Dr. Robert Lee Meriwether, born in Meriwether, is buried in the Asbury Church cemetery. Dr. Meriwether founded the South Caroliniana Library at the University of South Carolina in 1931.
William Scott Middleton of Meriwether was elected on the first ballot as the county’s first representative in the South Carolina General Assembly upon the formation of McCormick County in 1916. Middleton was a descendant of Hugh Tear Middleton and of Patrick Calhoun, patriarch of the Long Canes Scots-Irish settlement.
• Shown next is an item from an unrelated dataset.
(* Let $a<b$, $\alpha>0$, $m=\frac{a+b}{2}$. Let $h:[a,b]\to\mathbb{R}$ be strictly increasing and continuously differentiable. Let $f$ be differentiable on an open interval $I\supseteq[h(a),h(b)]$ with $f'$ integrable on $[h(a),h(b)]$ and $|f'|$ convex on $[h(a),h(b)]$, and let $g:[a,b]\to\mathbb{R}$ be continuous. Put $D=h(b)-h(a)$, $U=h(m)-h(a)$, $V=h(b)-h(m)$. Then $$\Big|f(h(m))\Big[(J^{\alpha}_{m^-,h}g)(a)+(J^{\alpha}_{m^+,h}g)(b)\Big]-\Big[(J^{\alpha}_{m^-,h}(g\cdot(f\circ h)))(a)+(J^{\alpha}_{m^+,h}(g\cdot(f\circ h)))(b)\Big]\Big|$$ $$\le \frac{\|g\|_{\infty,[a,m]}}{D\,\Gamma(\alpha+1)}\Big\{|f'(h(a))|\Big[\frac{D\,U^{\alpha+1}}{\alpha+1}-\frac{U^{\alpha+2}}{\alpha+2}\Big]+|f'(h(b))|\frac{U^{\alpha+2}}{\alpha+2}\Big\}$$ $$+\frac{\|g\|_{\infty,[m,b]}}{D\,\Gamma(\alpha+1)}\Big\{|f'(h(b))|\Big[\frac{D\,V^{\alpha+1}}{\alpha+1}-\frac{V^{\alpha+2}}{\alpha+2}\Big]+|f'(h(a))|\frac{V^{\alpha+2}}{\alpha+2}\Big\}.$$
   Context: Generalized fractional integrals with respect to $h$: for $c<d$ in $[a,b]$ and integrable $\varphi$, $(J^{\alpha}_{c^+,h}\varphi)(x)=\frac{1}{\Gamma(\alpha)}\int_c^x (h(x)-h(t))^{\alpha-1}h'(t)\varphi(t)\,dt$ for $x\in(c,d]$, and $(J^{\alpha}_{d^-,h}\varphi)(x)=\frac{1}{\Gamma(\alpha)}\int_x^d (h(t)-h(x))^{\alpha-1}h'(t)\varphi(t)\,dt$ for $x\in[c,d)$. Thus $(J^{\alpha}_{m^-,h}\varphi)(a)=\frac{1}{\Gamma(\alpha)}\int_a^m (h(t)-h(a))^{\alpha-1}h'(t)\varphi(t)\,dt$ and $(J^{\alpha}_{m^+,h}\varphi)(b)=\frac{1}{\Gamma(\alpha)}\int_m^b (h(b)-h(t))^{\alpha-1}h'(t)\varphi(t)\,dt$. $g\cdot(f\circ h)$ denotes $t\mapsto g(t)f(h(t))$. For a subinterval $J\subseteq[a,b]$, $\|g\|_{\infty,J}=\sup_{t\in J}|g(t)|$. *)

theory Defs
  imports "HOL-Analysis.Analysis"
begin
William Scott Middleton was a pioneer in commercial production of peaches on his Meriwether plantation Locust Hill. At the time of his death, he owned the largest peach orchard in South Carolina, containing over 35,000 trees. He and W. M. Rowland of Meriwether were the first commercial peach producers in South Carolina. The peach orchards covered about a hundred acres of the plantation. The orchards were divided into five or six locations with names Big Orchard, Cottage Orchard, Little Orchard, Church Orchard, etc. mostly on ridges where damage to blooms from late frost was less likely. The tree plantings began early in the 1910s. Peaches were shipped in carload lots by rail from the station at Meriwether. William S. Middleton and Roland frequently pooled shipments. Varieties produced were Hiley Belle, Georgia Belle, and Elberta. Elbertas shipped best, but Georgia Belles, the most delicate, tasted best. The peach producers shipped by rail exclusively for the first six or seven years of production before trucks came into use. Packers received ice by rail from Augusta. Ice was placed in bunkers at each end of the refrigerator car. Filling a car often required two or three days. Commercial peach production caught on quickly in the state. W. M. Rowland was a moving force for founding the South Carolina Peach Growers Cooperative with T. B. Young as its executive director in Florence. Disaster struck in 1928 or 1929 in the form of a “blight” that marked the surface of peaches with dark specks, which made the fruit unsuitable for shipping. Peach production in Meriwether was soon abandoned.